(* Let $n_1,n_2,n_3$ be integers with $3\le n_1,n_2\le n_3$, let $W$ be a basic landmark system for $K(\mathbf{n})$, and let $u=(n_1+1,n_2+1,n_3+1)$. Then $W\cup\{u\}$ is a resolving set of $K(\mathbf{n}+\mathbf{1})=K_{n_1+1}\times K_{n_2+1}\times K_{n_3+1}$ if and only if the landmark graph $\mathcal{G}(W)$ contains no bad $4$-cycle, no plain hex, and no rainbow $2$-$2$-triangle.
   Context: $K(\mathbf{n})=K_{n_1}\times K_{n_2}\times K_{n_3}$ is the direct product of complete graphs: vertices are triples $(x_1,x_2,x_3)$, $1\le x_i\le n_i$, adjacent iff they differ in every coordinate. A set $W$ of vertices is resolving if for every two distinct vertices $x,y\notin W$ some $w\in W$ has $d(x,w)\neq d(y,w)$ ($d$ = graph distance). Landmark graph: $W_{i,a}=\{w\in W: w_i=a\}$; $\mathcal{G}(W)$ is the hypergraph on $W$ whose hyperedges are the nonempty $W_{i,a}$, each colored $i$. A stick is a hyperedge with exactly two vertices, poofy if at least three. Basic landmark system for $K(\mathbf{n})$: a vertex set $W$ such that (1) $W_{i,a}\neq\emptyset$ for all $i\in\{1,2,3\}$, $1\le a\le n_i$; (2) $|W_{i,a}|\ge 2$ for all such $i,a$; (3) $|W_{i,a}\cap W_{j,b}|\le 1$ whenever $i\ne j$. Bad $4$-cycle: distinct $w_1,\dots,w_4\in W$ and $\{i,j,k\}=\{1,2,3\}$ such that $\{w_1,w_2\}$, $\{w_3,w_4\}$ are hyperedges of color $i$, $w_2,w_3$ lie in a common hyperedge of color $j$, and $w_4,w_1$ lie in a common hyperedge of color $k$. Plain hex: distinct $w_1,\dots,w_6\in W$ and an ordering $(i,j,k)$ of $\{1,2,3\}$ with $\{w_1,w_2\},\{w_4,w_5\}$ hyperedges of color $i$, $\{w_2,w_3\},\{w_5,w_6\}$ of color $j$, $\{w_3,w_4\},\{w_6,w_1\}$ of color $k$. Rainbow $2$-$2$-triangle: distinct $w_1,w_2,w_3\in W$ and $\{i,j,k\}=\{1,2,3\}$ with $\{w_1,w_2\}$ a hyperedge of color $i$, $\{w_2,w_3\}$ a hyperedge of color $j$, and $w_1,w_3$ in a common hyperedge of color $k$. *)

theory Defs
  imports Main "HOL-Library.Extended_Nat"
begin

type_synonym vtx = "nat \<times> nat \<times> nat"

definition coord :: "nat \<Rightarrow> vtx \<Rightarrow> nat" where
  "coord i x = (case x of (x1, x2, x3) \<Rightarrow> if i = 1 then x1 else if i = 2 then x2 else x3)"

definition Kverts :: "nat \<Rightarrow> nat \<Rightarrow> nat \<Rightarrow> vtx set" where
  "Kverts n1 n2 n3 = {(x1, x2, x3). 1 \<le> x1 \<and> x1 \<le> n1 \<and> 1 \<le> x2 \<and> x2 \<le> n2 \<and> 1 \<le> x3 \<and> x3 \<le> n3}"

text \<open>Adjacency in the direct product of complete graphs: differ in every coordinate.\<close>
definition Kadj :: "vtx \<Rightarrow> vtx \<Rightarrow> bool" where
  "Kadj x y \<longleftrightarrow> (\<forall>i\<in>{1,2,3::nat}. coord i x \<noteq> coord i y)"

inductive walk :: "'a set \<Rightarrow> ('a \<Rightarrow> 'a \<Rightarrow> bool) \<Rightarrow> nat \<Rightarrow> 'a \<Rightarrow> 'a \<Rightarrow> bool"
  for V adj where
  walk0: "x \<in> V \<Longrightarrow> walk V adj 0 x x"
| walkS: "x \<in> V \<Longrightarrow> adj x y \<Longrightarrow> walk V adj k y z \<Longrightarrow> walk V adj (Suc k) x z"

text \<open>Graph distance (infinite if no walk exists).\<close>
definition gdist :: "'a set \<Rightarrow> ('a \<Rightarrow> 'a \<Rightarrow> bool) \<Rightarrow> 'a \<Rightarrow> 'a \<Rightarrow> enat" where
  "gdist V adj x y = Inf {enat k | k. walk V adj k x y}"

definition resolving :: "'a set \<Rightarrow> ('a \<Rightarrow> 'a \<Rightarrow> bool) \<Rightarrow> 'a set \<Rightarrow> bool" where
  "resolving V adj W \<longleftrightarrow> W \<subseteq> V \<and>
     (\<forall>x\<in>V - W. \<forall>y\<in>V - W. x \<noteq> y \<longrightarrow> (\<exists>w\<in>W. gdist V adj x w \<noteq> gdist V adj y w))"

definition Wset :: "vtx set \<Rightarrow> nat \<Rightarrow> nat \<Rightarrow> vtx set" where
  "Wset W i a = {w \<in> W. coord i w = a}"

definition hyperedge :: "vtx set \<Rightarrow> nat \<Rightarrow> vtx set \<Rightarrow> bool" where
  "hyperedge W i e \<longleftrightarrow> i \<in> {1,2,3} \<and> (\<exists>a. e = Wset W i a \<and> e \<noteq> {})"

definition common :: "vtx set \<Rightarrow> nat \<Rightarrow> vtx \<Rightarrow> vtx \<Rightarrow> bool" where
  "common W i w v \<longleftrightarrow> (\<exists>e. hyperedge W i e \<and> w \<in> e \<and> v \<in> e)"
text \<open>Splitting \<open>u = u\<^sub>0 + \<lambda> u'\<close>, the term \<open>\<lambda> u'\<close> contributes to the defect of order \<open>k + 1\<close>
  only through the defect of order \<open>k\<close>, which vanishes.\<close>
lemma bracket_defect_next_right: "bracket_defect X f u (Suc k) = bracket_defect X f (ser_monom (u 0) 0) (Suc k)"
proof -
  have "bracket_defect X f u (Suc k)
      = bracket_defect X f (\<lambda>n. ser_monom (u 0) 0 n + ser_shift (\<lambda>n. u (Suc n)) n) (Suc k)"
    by (subst ser_eq_monom_0_plus_shift[of u]) (rule refl)
  also have "\<dots> = bracket_defect X f (ser_monom (u 0) 0) (Suc k)
      + ser_shift (bracket_defect X f (\<lambda>n. u (Suc n))) (Suc k)"
    by (simp add: bracket_defect_add_right[OF X] bracket_defect_shift_right[OF X])
  also have "ser_shift (bracket_defect X f (\<lambda>n. u (Suc n))) (Suc k) = 0"
    by (simp add: ser_shift_def bracket_defect_below)
  finally show ?thesis by simp
qed

lemma bracket_defect_next: "bracket_defect X f u (Suc k) = obstruction X (Suc k) (f 0) (u 0)"
proof -
  have "bracket_defect X f u (Suc k) = - bracket_defect X (ser_monom (u 0) 0) f (Suc k)"
    by (subst bracket_defect_next_right, subst bracket_defect_antisym[OF X]) simp
  also have "\<dots> = bracket_defect X (ser_monom (f 0) 0) (ser_monom (u 0) 0) (Suc k)"
    by (subst bracket_defect_next_right, subst bracket_defect_antisym[OF X]) (simp add: ser_monom_def)
  finally show ?thesis
    by (simp add: obstruction_def)
qed

lemma obstruction_antisym: "obstruction X (Suc k) a b = - obstruction X (Suc k) b a"
  unfolding obstruction_def by (subst bracket_defect_antisym[OF X]) simp

lemma obstruction_add_right:
  "obstruction X (Suc k) a (b + c) = obstruction X (Suc k) a b + obstruction X (Suc k) a c"
  unfolding obstruction_def ser_monom_add by (simp add: bracket_defect_add_right[OF X])

lemma obstruction_scale_right: "obstruction X (Suc k) a (sA r b) = sB r (obstruction X (Suc k) a b)"
proof -
  have "ser_monom (sA r b) 0 = (\<lambda>n. sA r (ser_monom b 0 n))"
    by (auto simp: ser_monom_def)
  then show ?thesis
    unfolding obstruction_def by (simp add: bracket_defect_scale_right[OF X])
qed

lemma obstruction_minus_right: "obstruction X (Suc k) a (- b) = - obstruction X (Suc k) a b"
  using obstruction_scale_right[of a "- 1" b] by (simp add: A.scale_minus_left B.scale_minus_left)

lemma obstruction_der_right:
  "obstruction X (Suc k) a (b * c) = phi0 b * obstruction X (Suc k) a c + obstruction X (Suc k) a b * phi0 c"
proof -
  let ?D = "bracket_defect X (ser_monom a 0)"
  have "obstruction X (Suc k) a (b * c)
      = ser_mult (?D (ser_monom b 0)) (Phi X (ser_monom c 0)) (Suc k)
      + ser_mult (Phi X (ser_monom b 0)) (?D (ser_monom c 0)) (Suc k)"
    by (simp add: obstruction_def ser_mult_monom_0[symmetric] bracket_defect_mult_right[OF X])
  also have "ser_mult (?D (ser_monom b 0)) (Phi X (ser_monom c 0)) (Suc k) = obstruction X (Suc k) a b * phi0 c"
    by (subst ser_mult_low_zero_left[where p = "Suc k"])
       (auto simp: bracket_defect_below obstruction_def Phi_0 ser_monom_def)
  also have "ser_mult (Phi X (ser_monom b 0)) (?D (ser_monom c 0)) (Suc k) = phi0 b * obstruction X (Suc k) a c"
    by (subst ser_mult_low_zero_right[where p = "Suc k"])
       (auto simp: bracket_defect_below obstruction_def Phi_0 ser_monom_def)
  finally show ?thesis
    by (simp add: algebra_simps)
qed

lemma obstruction_CE2_der: "CE2_der sA sB phi0 (obstruction X (Suc k))"
proof -
  note antisym = obstruction_antisym
  have add_left: "obstruction X (Suc k) (b + c) a = obstruction X (Suc k) b a + obstruction X (Suc k) c a" for a b c
    using antisym obstruction_add_right by (metis minus_add_distrib)
  have scale_left: "obstruction X (Suc k) (sA r b) a = sB r (obstruction X (Suc k) b a)" for a b r
    using antisym obstruction_scale_right by (metis B.scale_minus_right)
  have der_left: "obstruction X (Suc k) (b * c) a
      = phi0 b * obstruction X (Suc k) c a + obstruction X (Suc k) b a * phi0 c" for a b c
    using obstruction_der_right[of a b c] antisym[of "b * c" a] antisym[of b a] antisym[of c a]
    by (simp add: algebra_simps)
  show ?thesis
    unfolding CE2_der_def kbilinear_def der_along_def
    by (auto simp: module_hom_iff A.module_axioms B.module_axioms obstruction_add_right
        obstruction_scale_right obstruction_der_right add_left scale_left der_left intro: antisym)
qed
lemma solutions_agree_before:
  assumes "0 < B" "B < S" "W \<ge> 0"
    and inputs: "\<And>t. 0 \<le> t \<Longrightarrow> Linf {-r..0} D (shift d t) \<and> Linf {-r..0} U (shift u t) \<and>
                 (AE s in lebesgue_on {-r..0}. norm (shift d t s, shift u t s) \<le> W)"
    and y: "Linf_loc {-r..<S} UNIV y" and x: "Linf_loc {-r..<S} UNIV x"
    and y_eq: "AE t in lebesgue_on {0..<S}. y t = f (shift y t) (shift d t) (shift u t)"
    and x_eq: "AE t in lebesgue_on {0..<S}. x t = f (shift x t) (shift d t) (shift u t)"
    and y0: "ae_eq {-r..<0} y x0" and x0: "ae_eq {-r..<0} x x0"
  shows "AE \<tau> in lebesgue_on {-r..<B}. y \<tau> = x \<tau>"
proof -
  have sub: "{-r..B} \<subseteq> {-r..<S}"
    using \<open>B < S\<close> by auto
  obtain Ry where "Ry \<ge> 0" "AE \<tau> in lebesgue_on {-r..B}. norm (y \<tau>) \<le> Ry"
    using ess_norm_finite_imp_bound[of "{-r..B}" y] y sub unfolding Linf_loc_def by blast
  obtain Rx where "Rx \<ge> 0" "AE \<tau> in lebesgue_on {-r..B}. norm (x \<tau>) \<le> Rx"
    using ess_norm_finite_imp_bound[of "{-r..B}" x] x sub unfolding Linf_loc_def by blast
  define R where "R = Ry + Rx + W + 1"
  have R: "R > 0" "Ry \<le> R" "Rx \<le> R" "W \<le> R"
    using \<open>Ry \<ge> 0\<close> \<open>Rx \<ge> 0\<close> \<open>W \<ge> 0\<close> by (simp_all add: R_def)
  show ?thesis
  proof (rule bounded_solutions_agree[OF R(1)])
    show "Linf {-r..0} D (shift d t) \<and> Linf {-r..0} U (shift u t) \<and>
        (AE s in lebesgue_on {-r..0}. norm (shift d t s, shift u t s) \<le> R)" if "0 \<le> t" for t
    proof -
      have "AE s in lebesgue_on {-r..0}. norm (shift d t s, shift u t s) \<le> W"
        using inputs[OF that] by blast
      then have "AE s in lebesgue_on {-r..0}. norm (shift d t s, shift u t s) \<le> R"
        by eventually_elim (use R(4) in simp)
      then show ?thesis
        using inputs[OF that] by blast
    qed
    show "y \<in> borel_measurable (lebesgue_on {-r..<B})" "x \<in> borel_measurable (lebesgue_on {-r..<B})"
      using x y \<open>B < S\<close> by (auto simp: Linf_loc_def intro: measurable_restrict_mono[of _ _ "{-r..<S}"])
    have "AE \<tau> in lebesgue_on {-r..<B}. norm (y \<tau>) \<le> Ry" "AE \<tau> in lebesgue_on {-r..<B}. norm (x \<tau>) \<le> Rx"
      by (rule AE_lebesgue_on_subset[OF _ _ \<open>AE \<tau> in lebesgue_on {-r..B}. norm (y \<tau>) \<le> Ry\<close>]
          AE_lebesgue_on_subset[OF _ _ \<open>AE \<tau> in lebesgue_on {-r..B}. norm (x \<tau>) \<le> Rx\<close>]; auto)+
    then show "AE \<tau> in lebesgue_on {-r..<B}. norm (y \<tau>) \<le> R" "AE \<tau> in lebesgue_on {-r..<B}. norm (x \<tau>) \<le> R"
      using R(2,3) by (auto elim: eventually_mono)
    show "AE t in lebesgue_on {0..<B}. y t = f (shift y t) (shift d t) (shift u t)"
      "AE t in lebesgue_on {0..<B}. x t = f (shift x t) (shift d t) (shift u t)"
      using \<open>B < S\<close> by (auto intro: AE_lebesgue_on_subset[OF _ _ y_eq] AE_lebesgue_on_subset[OF _ _ x_eq])
    have "AE \<tau> in lebesgue_on {-r..<B}. \<tau> \<in> {-r..<0} \<longrightarrow> y \<tau> = x0 \<tau>"
      "AE \<tau> in lebesgue_on {-r..<B}. \<tau> \<in> {-r..<0} \<longrightarrow> x \<tau> = x0 \<tau>"
      by (rule AE_lebesgue_on_restrict[OF _ _ y0[unfolded ae_eq_def]]
          AE_lebesgue_on_restrict[OF _ _ x0[unfolded ae_eq_def]]; simp)+
    then show "AE \<tau> in lebesgue_on {-r..<B}. \<tau> < 0 \<longrightarrow> y \<tau> = x \<tau>"
      using AE_lebesgue_on_mem by eventually_elim auto
  qed
qed
lemma smash_triple_pointE: assumes y: "y \<in> topspace (smash k H G A)"
  obtains g m v a where "g \<in> G" "m \<in> mdegs k" "v \<in> msimplex m" "a \<in> carr A m"
    "y = smash_class k H G A (g, real_class k A (m, v, a))"
proof -
  obtain p where p: "p \<in> topspace (smash_pre k G A)" "y = smash_class k H G A p" using smash_pointE[OF G H HG A y] .
  obtain g x where gx: "p = (g, x)" "g \<in> G" "x \<in> topspace (realization k A)" using p(1) by (auto simp: topspace_smash_pre)
  obtain q where q: "q \<in> topspace (pre_real k A)" "x = real_class k A q" using realization_pointE[OF H A gx(3)] .
  obtain m v a where "q = (m, v, a)" "m \<in> mdegs k" "v \<in> msimplex m" "a \<in> carr A m" using pre_real_pointE[OF H A q(1)] .
  then show ?thesis using that p gx q by blast
qed

lemma realization_B_pointE: assumes x: "x \<in> topspace (realization k B)"
  obtains n u b where "n \<in> mdegs k" "u \<in> msimplex n" "b \<in> carr B n" "x = real_class k B (n, u, b)"
proof -
  obtain q where q: "q \<in> topspace (pre_real k B)" "x = real_class k B q" using realization_pointE[OF G lan_ss x] .
  obtain n u b where "q = (n, u, b)" "n \<in> mdegs k" "u \<in> msimplex n" "b \<in> carr B n" using pre_real_pointE[OF G lan_ss q(1)] .
  then show ?thesis using that q by blast
qed
lemma Vm_eq_SUP_INF_payoff:
  "Vm Th m Ys Ps A u = (SUP \<sigma>\<in>strategies (joint_signals m Ys) A.
     INF P\<in>couplings Th m Ys Ps. payoff Th (joint_signals m Ys) P A u \<sigma>)"
  unfolding Vm_def strategies_def payoff_def ..

lemma payoff_eq_sum_actions:
  "payoff Th Y P A u \<sigma> = (\<Sum>y\<in>Y. \<Sum>a\<in>A. \<sigma> y a * (\<Sum>th\<in>Th. P th y * u th a))"
proof -
  have "payoff Th Y P A u \<sigma> = (\<Sum>th\<in>Th. \<Sum>y\<in>Y. \<Sum>a\<in>A. \<sigma> y a * (P th y * u th a))"
    unfolding payoff_def eu_def by (simp add: sum_distrib_left mult_ac)
  also have "\<dots> = (\<Sum>y\<in>Y. \<Sum>a\<in>A. \<Sum>th\<in>Th. \<sigma> y a * (P th y * u th a))"
    by (subst sum.swap) (simp add: sum.swap[of _ Th])
  finally show ?thesis by (simp add: sum_distrib_left)
qed

lemma payoff_le_sum_Max:
  assumes "finite A" "\<sigma> \<in> strategies Y A"
  shows "payoff Th Y P A u \<sigma> \<le> (\<Sum>y\<in>Y. Max ((\<lambda>a. \<Sum>th\<in>Th. P th y * u th a) ` A))"
  unfolding payoff_eq_sum_actions
proof (rule sum_mono)
  fix y assume y: "y \<in> Y"
  let ?v = "\<lambda>a. \<Sum>th\<in>Th. P th y * u th a"
  have "(\<Sum>a\<in>A. \<sigma> y a * ?v a) \<le> (\<Sum>a\<in>A. \<sigma> y a * Max (?v ` A))"
    using assms y by (intro sum_mono mult_left_mono) (auto simp: strategies_def distr_def)
  also have "\<dots> = Max (?v ` A)"
    using assms y by (simp add: strategies_def distr_def sum_distrib_right[symmetric])
  finally show "(\<Sum>a\<in>A. \<sigma> y a * ?v a) \<le> Max (?v ` A)" .
qed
┄┄┄┄┄┄┄┄┄┄
● Assigned task
Each line above from the one with "text \<open>Adjacency in" up to and including the one with "x y \<longleftrightarrow>" must be set down exactly, and no line outside that span may appear.

● Worked solution
text \<open>Adjacency in the direct product of complete graphs: differ in every coordinate.\<close>
definition Kadj :: "vtx \<Rightarrow> vtx \<Rightarrow> bool" where
  "Kadj x y \<longleftrightarrow> (\<forall>i\<in>{1,2,3::nat}. coord i x \<noteq> coord i y)"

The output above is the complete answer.